## STORED DATA
text \<open>The conjugation is inverted on series holomorphic on the whole upper half plane, where all the
  operators compose and no transfer argument is needed.\<close>
lemma op_eq_conjugate_sym:
  assumes g: "g \<in> SL2R"
    and eq: "op_eq n (expop n k B) (slash k g (expop n k Y) \<circ> expop n k A \<circ> expop n k (\<lambda>\<alpha>. - Y \<alpha>))"
  shows "op_eq n (expop n k A) (slash k g (expop n k (\<lambda>\<alpha>. - Y \<alpha>)) \<circ> expop n k B \<circ> expop n k Y)"
  unfolding op_eq_def
proof (intro allI impI ballI)
  fix f \<beta> \<tau> assume f: "hol_ser n upper_half f" and \<beta>: "\<beta> \<in> multi n" and \<tau>: "\<tau> \<in> upper_half"
  have fH: "ser_holomorphic_on upper_half f" using f by (simp add: hol_ser_iff)
  have Yf: "hol_ser n upper_half (expop n k Y f)"
    using f by (simp add: hol_ser_iff ser_holomorphic_expop[OF open_upper_half] ser_supported_expop)
  have "expop n k B (expop n k Y f) \<beta>' w = slash k g (expop n k Y) (expop n k A f) \<beta>' w"
    if "\<beta>' \<le> \<beta>" "w \<in> upper_half" for \<beta>' w
  proof -
    have "expop n k B (expop n k Y f) \<beta>' w
        = slash k g (expop n k Y) (expop n k A (expop n k (\<lambda>\<alpha>. - Y \<alpha>) (expop n k Y f))) \<beta>' w"
      using eq Yf multi_downward_closed[OF that(1) \<beta>] that(2) unfolding op_eq_def by simp
    also have "\<dots> = slash k g (expop n k Y) (expop n k A f) \<beta>' w"
      by (intro slash_expop_local[OF g that(2)] expop_local[OF open_upper_half])
         (simp add: expop_uminus_expop[OF open_upper_half fH])
    finally show ?thesis .
  qed
  then have "slash k g (expop n k (\<lambda>\<alpha>. - Y \<alpha>)) (expop n k B (expop n k Y f)) \<beta> \<tau>
      = slash k g (expop n k (\<lambda>\<alpha>. - Y \<alpha>)) (slash k g (expop n k Y) (expop n k A f)) \<beta> \<tau>"
    by (rule slash_expop_local[OF g \<tau>])
  also have "\<dots> = expop n k A f \<beta> \<tau>"
    by (rule slash_expop_uminus_slash_expop[OF g ser_holomorphic_expop[OF open_upper_half fH] \<tau>])
  finally show "expop n k A f \<beta> \<tau>
      = (slash k g (expop n k (\<lambda>\<alpha>. - Y \<alpha>)) \<circ> expop n k B \<circ> expop n k Y) f \<beta> \<tau>"
    by simp
qed
theorem lemma4:
  fixes F :: "(real ^ 'n) set"
    and nrm :: "real ^ 'n \<Rightarrow> real"
    and c :: "nat \<Rightarrow> real ^ 'n \<Rightarrow> real"
    and T :: nat
    and \<theta> :: real
    and X :: "nat \<Rightarrow> real \<Rightarrow> real ^ 'n"
  assumes F_convex: "convex F"
    and F_compact: "compact F"
    and F_nonneg: "\<forall>x\<in>F. \<forall>i. 0 \<le> x $ i"
    and norm: "is_norm nrm"
    and c_convex: "\<forall>t\<in>{1..T}. convex_on UNIV (c t)"
    and c_nonneg: "\<forall>t\<in>{1..T}. \<forall>x\<in>F. 0 \<le> c t x"
    and c_subgrad_bounded:
      "\<exists>G. \<forall>t\<in>{1..T}. \<forall>x g. is_subgradient (c t) x g \<longrightarrow> norm g \<le> G"
    and theta: "1 \<le> \<theta>"
    and X_choice: "\<forall>r\<in>{-1<..<1}. \<forall>t\<ge>1.
                     rbg_choice (\<lambda>x. \<theta> * nrm x) c F r t (X t r)"
    and X_meas: "\<forall>t. X t \<in> borel_measurable (restrict_space borel {-1<..<(1::real)})"
  shows "integral\<^sup>L (uniform_measure lborel {-1<..<(1::real)})
            (\<lambda>r. \<Sum>t\<in>{1..T}. c t (X (t + 1) r))
         \<le> opt_N (\<lambda>x. \<theta> * nrm x) c F T"
proof -
  let ?N = "\<lambda>x. \<theta> * nrm x"
  have N: "is_norm ?N"
    using is_norm_scale[OF norm] theta by simp
  have F_ne: "F \<noteq> {}"
    using X_choice[rule_format, of 0 1] unfolding rbg_choice_def by auto
  have c_cont: "\<forall>t\<in>{1..T}. continuous_on F (c t)"
    using c_convex by (metis continuous_on_subset convex_on_continuous open_UNIV subset_UNIV)
  have "integral\<^sup>L (uniform_measure lborel {-1<..<1}) (\<lambda>r. \<Sum>t\<in>{1..T}. c t (X (t + 1) r))
      \<le> soco_cost ?N c T y" if y: "y 0 = 0" "\<forall>t\<in>{1..T}. y t \<in> F" for y
  proof (rule integral_uniform_le_affine)
    show "(\<Sum>t\<in>{1..T}. c t (X (t + 1) r)) \<le> soco_cost ?N c T y + r * ?N (y T)"
      if "r \<in> {-1<..<1}" for r
      using that X_choice y
      by (intro rbg_operating_cost_le_soco_cost[OF N F_compact F_ne c_nonneg c_cont]) auto
    show "0 \<le> soco_cost ?N c T y"
      unfolding soco_cost_def using c_nonneg y
      by (intro sum_nonneg add_nonneg_nonneg) (auto simp: is_norm_nonneg[OF N])
  qed
  moreover obtain f where "f \<in> F"
    using F_ne by blast
  then have "soco_cost ?N c T (\<lambda>t. if t = 0 then 0 else f)
      \<in> {soco_cost ?N c T y | y. y 0 = 0 \<and> (\<forall>t\<in>{1..T}. y t \<in> F)}"
    by auto
  ultimately show ?thesis
    unfolding opt_N_soco_cost by (intro cInf_greatest) auto
qed

end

## DIRECTIONS FOR THIS TASK
Nothing beyond the line that contains "by (intro slash_expop_local[OF" belongs in the answer; reproduce the entries exactly from their first line through it.

## EXERCISE RESPONSE
text \<open>The conjugation is inverted on series holomorphic on the whole upper half plane, where all the
  operators compose and no transfer argument is needed.\<close>
lemma op_eq_conjugate_sym:
  assumes g: "g \<in> SL2R"
    and eq: "op_eq n (expop n k B) (slash k g (expop n k Y) \<circ> expop n k A \<circ> expop n k (\<lambda>\<alpha>. - Y \<alpha>))"
  shows "op_eq n (expop n k A) (slash k g (expop n k (\<lambda>\<alpha>. - Y \<alpha>)) \<circ> expop n k B \<circ> expop n k Y)"
  unfolding op_eq_def
proof (intro allI impI ballI)
  fix f \<beta> \<tau> assume f: "hol_ser n upper_half f" and \<beta>: "\<beta> \<in> multi n" and \<tau>: "\<tau> \<in> upper_half"
  have fH: "ser_holomorphic_on upper_half f" using f by (simp add: hol_ser_iff)
  have Yf: "hol_ser n upper_half (expop n k Y f)"
    using f by (simp add: hol_ser_iff ser_holomorphic_expop[OF open_upper_half] ser_supported_expop)
  have "expop n k B (expop n k Y f) \<beta>' w = slash k g (expop n k Y) (expop n k A f) \<beta>' w"
    if "\<beta>' \<le> \<beta>" "w \<in> upper_half" for \<beta>' w
  proof -
    have "expop n k B (expop n k Y f) \<beta>' w
        = slash k g (expop n k Y) (expop n k A (expop n k (\<lambda>\<alpha>. - Y \<alpha>) (expop n k Y f))) \<beta>' w"
      using eq Yf multi_downward_closed[OF that(1) \<beta>] that(2) unfolding op_eq_def by simp
    also have "\<dots> = slash k g (expop n k Y) (expop n k A f) \<beta>' w"
      by (intro slash_expop_local[OF g that(2)] expop_local[OF open_upper_half])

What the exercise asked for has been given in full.